三七摇头叹息:“每个人都有自己的命数,你不该强行插手。”
“这不对,”杳杳道,“她需要我帮忙。”
三七道:“这些人,他们全部都需要你帮忙。”
杳杳一时语塞,恰巧风疏痕走来,见两人正交谈,不经意问道:“怎么?”
“小师叔,”杳杳连忙道,“那边有个失明的婆婆,家中人都去世了,我想帮帮她。”
三七皱起眉:“风师叔,我在阻止杳杳师妹,昆仑修道之人,最忌讳和红尘杂事纠缠不清,更何况受灾人这么多,她管不过来的。”
风疏痕看着杳杳,沉吟一瞬,淡淡道:“怎么想,就怎么做。”
杳杳先是一怔,随即眼睛猛地亮了:“是!”
她微微躬身:“多谢三七师兄。”
说完,杳杳转身跑回了刚刚的地方,俯身在老人耳边说了什么,然后从袖口掏出一样物品,交给了她。
三七不赞同地问:“风师叔?”
风疏痕道:“你是好意,但很多事情,需做过才知对错。”
“杳杳终究是太过心善,更何况如果将流民引去昆仑,峰主难免会怪罪,”三七仍旧满面忧虑,“先前百草峰外出行医时也遇到过此类情况,最后峰主禁止我们再管这些事情,我不想杳杳她也——”
风疏痕看了杳杳的侧脸片刻,看她上扬的眉梢唇角,倏然笑了。
“没关系。”
他走过去,恰巧杳杳已经起身归来。
后者眉目疏朗,黑白分明的眼中满是坦荡和清澈,就像是在明媚日光照射下的淙淙溪流,不见一丝一毫的阴翳。
“杳杳,”风疏痕道,“如何处理?”
杳杳回答道:“我给了她一些银两,并希望她能去南境。这些钱足以让她到驿站付车费了。”她没说的是,到了东境便有妖族的接应,这位眼瞎的婆婆靠着这笔钱,应该可以安度晚年了。

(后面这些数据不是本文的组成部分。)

lemma sgn_thickening_in_HWulff:
  fixes C :: "'a::euclidean_space set"
  assumes "compact C" "convex C" and P: "P \<in> sphere 0 1" "0 < m" "m *\<^sub>R P \<in> C"
    and lower: "\<And>y. y \<in> C \<Longrightarrow> m \<le> P \<bullet> y" and r: "0 < r" "r < m"
  shows "sgn ` (\<Union>y\<in>C. \<Union>z\<in>cball 0 r. {y + z}) \<in> HWulff P"
proof -
  define K where "K = (\<Union>y\<in>C. \<Union>z\<in>cball 0 r. {y + z})"
  have "compact K" "convex K"
    unfolding K_def using assms(1,2) by (auto intro: compact_sums' convex_sums)
  have "\<forall>x\<in>K. 0 < P \<bullet> x"
  proof
    fix x assume "x \<in> K"
    then obtain y z where yz: "x = y + z" "y \<in> C" "norm z \<le> r"
      unfolding K_def by auto
    have "\<bar>P \<bullet> z\<bar> \<le> r"
      using Cauchy_Schwarz_ineq2[of P z] P(1) yz(3) by simp
    then show "0 < P \<bullet> x"
      using lower[OF yz(2)] r(2) yz(1) by (simp add: inner_add_right)
  qed
  moreover have "cball (m *\<^sub>R P) r \<subseteq> K"
  proof
    fix x assume "x \<in> cball (m *\<^sub>R P) r"
    then have "x - m *\<^sub>R P \<in> cball 0 r"
      by (simp add: dist_norm norm_minus_commute)
    then have "m *\<^sub>R P + (x - m *\<^sub>R P) \<in> K"
      unfolding K_def using P(3) by blast
    then show "x \<in> K"
      by simp
  qed
  ultimately show ?thesis
    unfolding K_def [symmetric] using sgn_image_in_HWulff \<open>compact K\<close> \<open>convex K\<close> P(1,2) r(1)
    by blast
qed

lemma dist_sgn_thickening_le:
  fixes C :: "'a::real_normed_vector set"
  assumes lower: "\<And>y. y \<in> C \<Longrightarrow> m \<le> norm y" and "0 < m" "r < m"
    and x: "x \<in> sgn ` (\<Union>y\<in>C. \<Union>z\<in>cball 0 r. {y + z})"
  obtains y where "y \<in> C" "dist (sgn y) x \<le> 2 * r / m"
proof -
  obtain y z where yz: "x = sgn (y + z)" "y \<in> C" "norm z \<le> r"
    using x by auto
  have "m - r \<le> norm (y + z)"
    using lower[OF yz(2)] yz(3) norm_triangle_ineq4[of "y + z" z] by simp
  then have "y + z \<noteq> 0" "y \<noteq> 0"
    using lower[OF yz(2)] assms(2,3) by auto
  then have "dist (sgn y) x \<le> 2 * norm z / norm y"
    using norm_sgn_diff_le[of "y + z" y] yz(1) by (simp add: dist_norm norm_minus_commute)
  also have "\<dots> \<le> 2 * r / m"
    using yz(3) lower[OF yz(2)] assms(2) order_trans[OF norm_ge_zero yz(3)] by (intro frac_le) auto
  finally show ?thesis
    using that yz(2) by blast
qed
lemma nonneg_if_nonneg_add_small_multiples:
  fixes a b :: real
  assumes "\<And>t. 0 < t \<Longrightarrow> t \<le> 1 \<Longrightarrow> 0 \<le> a + t * b"
  shows "0 \<le> a"
proof (rule tendsto_lowerbound)
  show "((\<lambda>t. a + t * b) \<longlongrightarrow> a) (at_right 0)"
    by (auto intro!: tendsto_eq_intros)
  show "\<forall>\<^sub>F t in at_right 0. 0 \<le> a + t * b"
    by (rule eventually_mono[OF eventually_at_right_real[of 0 1]]) (use assms in auto)
qed simp

lemma subdiffD: "v \<in> subdiff \<phi> x \<Longrightarrow> \<phi> x + v \<bullet> (y - x) \<le> \<phi> y"
  by (simp add: subdiff_def)

lemma convex_on_linear_lower_bound:
  fixes h :: "'a::euclidean_space \<Rightarrow> real"
  assumes cvx: "convex_on UNIV h"
  shows "\<exists>A\<ge>0. \<forall>y. h u - A - A * norm (y - u) \<le> h y"
proof -
  have cont: "continuous_on UNIV h" using convex_on_continuous[OF open_UNIV cvx] .
  obtain w where w: "\<forall>y\<in>cball u 1. h w \<le> h y"
    using continuous_attains_inf[OF compact_cball _ continuous_on_subset[OF cont subset_UNIV], of u 1]
    by auto
  define A where "A = \<bar>h u - h w\<bar>"
  have "h u - A - A * norm (y - u) \<le> h y" for y
  proof (cases "norm (y - u) \<le> 1")
    case True
    then have "h w \<le> h y" using w by (auto simp: dist_norm norm_minus_commute)
    moreover have "h u - A \<le> h w" "0 \<le> A * norm (y - u)" by (simp_all add: A_def)
    ultimately show ?thesis by linarith
  next
    case False
    define r where "r = norm (y - u)"
    have r1: "r > 1" using False by (simp add: r_def)
    define t where "t = 1 / r"
    have t: "0 < t" "t \<le> 1" "r * t = 1" using r1 by (auto simp: t_def)
    \<comment> \<open>the point at distance 1 from u on the segment towards y\<close>
    have "(1 - t) *\<^sub>R u + t *\<^sub>R y \<in> cball u 1"
      using t r1 by (simp add: dist_norm algebra_simps r_def norm_minus_commute flip: scaleR_diff_right)
    then have "h w \<le> h ((1 - t) *\<^sub>R u + t *\<^sub>R y)" using w by auto
    also have "\<dots> \<le> (1 - t) * h u + t * h y"
      using convex_onD[OF cvx, of t u y] t by auto
    finally have "r * h w \<le> r * ((1 - t) * h u + t * h y)" using r1 by (intro mult_left_mono) auto
    also have "\<dots> = (r - r * t) * h u + (r * t) * h y" by (simp add: algebra_simps)
    finally have "h u + r * (h w - h u) \<le> h y" using t by (simp add: algebra_simps)
    moreover have "- A * r \<le> r * (h w - h u)"
      using mult_left_mono[of "- A" "h w - h u" r] r1 by (simp add: A_def mult.commute)
    ultimately show ?thesis by (simp add: r_def A_def)
  qed
  then show ?thesis by (intro exI[of _ A]) (simp add: A_def)
qed

lemma prox_minimiser_exists:
  fixes h :: "'a::euclidean_space \<Rightarrow> real"
  assumes cvx: "convex_on UNIV h" and mu: "\<mu> > 0"
  shows "\<exists>p. \<forall>y. h p + (norm (p - u))\<^sup>2 / (2 * \<mu>) \<le> h y + (norm (y - u))\<^sup>2 / (2 * \<mu>)"
proof -
  define \<Phi> where "\<Phi> y = h y + (norm (y - u))\<^sup>2 / (2 * \<mu>)" for y
  have cont: "continuous_on UNIV h" using convex_on_continuous[OF open_UNIV cvx] .
  have contP: "continuous_on UNIV \<Phi>" unfolding \<Phi>_def
    using mu by (intro continuous_intros cont) auto
  obtain A where A: "A \<ge> 0" "\<And>y. h u - A - A * norm (y - u) \<le> h y"
    using convex_on_linear_lower_bound[OF cvx, of u] by auto
  \<comment> \<open>outside this ball the quadratic term beats the linear lower bound, so \<open>\<Phi> > h u = \<Phi> u\<close>\<close>
  define R where "R = 2 * \<mu> * (2 * A + 1) + 1"
  have R1: "R \<ge> 1" using A mu by (simp add: R_def)
  obtain p where p: "\<forall>y\<in>cball u R. \<Phi> p \<le> \<Phi> y"
    using continuous_attains_inf[OF compact_cball _ continuous_on_subset[OF contP subset_UNIV], of u R] R1
    by auto
  have "\<Phi> p \<le> \<Phi> y" for y
  proof (cases "y \<in> cball u R")
    case False
    define r where "r = norm (y - u)"
    have rR: "r > R" using False by (simp add: r_def dist_norm norm_minus_commute)
    then have "r / (2 * \<mu>) > 2 * A + 1" using mu by (simp add: R_def field_simps)
    then have "r * (r / (2 * \<mu>)) \<ge> r * (2 * A + 1)" using rR R1 by (intro mult_left_mono) auto
    moreover have "A * r \<ge> A" using A rR R1 by (simp add: mult_le_cancel_left1)
    ultimately have "r\<^sup>2 / (2 * \<mu>) \<ge> A * r + A + 1"
      using rR R1 by (simp add: power2_eq_square algebra_simps)
    then have "h u < \<Phi> y" using A(2)[of y] by (simp add: \<Phi>_def r_def)
    moreover have "\<Phi> p \<le> \<Phi> u" using p R1 by simp
    moreover have "\<Phi> u = h u" by (simp add: \<Phi>_def)
    ultimately show ?thesis by simp
  qed (use p in auto)
  then show ?thesis unfolding \<Phi>_def by blast
qed

lemma prox_minimises:
  fixes h :: "'a::euclidean_space \<Rightarrow> real"
  assumes "convex_on UNIV h" and "\<mu> > 0"
  shows "h (prox \<mu> h u) + (norm (prox \<mu> h u - u))\<^sup>2 / (2 * \<mu>) \<le> h y + (norm (y - u))\<^sup>2 / (2 * \<mu>)"
  using someI_ex[OF prox_minimiser_exists[OF assms, of u]] unfolding prox_def by blast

风疏痕却问:“可此去山高路远,如果遇到沿途危险呢?”
杳杳一怔:“可以加强人手,总之,我给够了钱。”
“如果危险是从她雇佣这些人中来呢?”对方看着她的双眼,像是潭,“这笔不小的钱,足以让人起贪念。”
杳杳语塞。
她的想法很直白,却也很天真。
“我来处理,”风疏痕道,“你先去和三七会合吧。”
杳杳沉默了片刻,点点头,没有说话,转身疾步离开。
回到三七身边,她安静了很久,满脑子都是刚刚小师叔的话,这让杳杳十分茫然,有一瞬间,她甚至觉得自己做错了。
但很快她反应过来,不,帮助旁人是没错的。
只是……方法不同,效果便不同。
“这药真灵,”三七不再替刚刚的事,更是没注意到师妹的异常,兀自舀了一勺药汁尝味道,“师父用了三年都没能研究出彻底遏制疫情的办法,但这药竟然完全做到了。”
“这么神?”杳杳好奇地看过去:“这是谁的方子?”
三七道:“是药王谷来的。”
听到这个地方,杳杳有些吃惊。
“昆仑和药王谷有联系?”
三七笑道:“是也不是,几乎没人见过谷主的容貌,但他帮过昆仑不少。”
提到这个人,百草峰弟子的眼中满是崇拜和向往,药王谷在他们心中就如同神仙一般,峰主解决不了的疑难杂症,总是能被他四两拨千斤。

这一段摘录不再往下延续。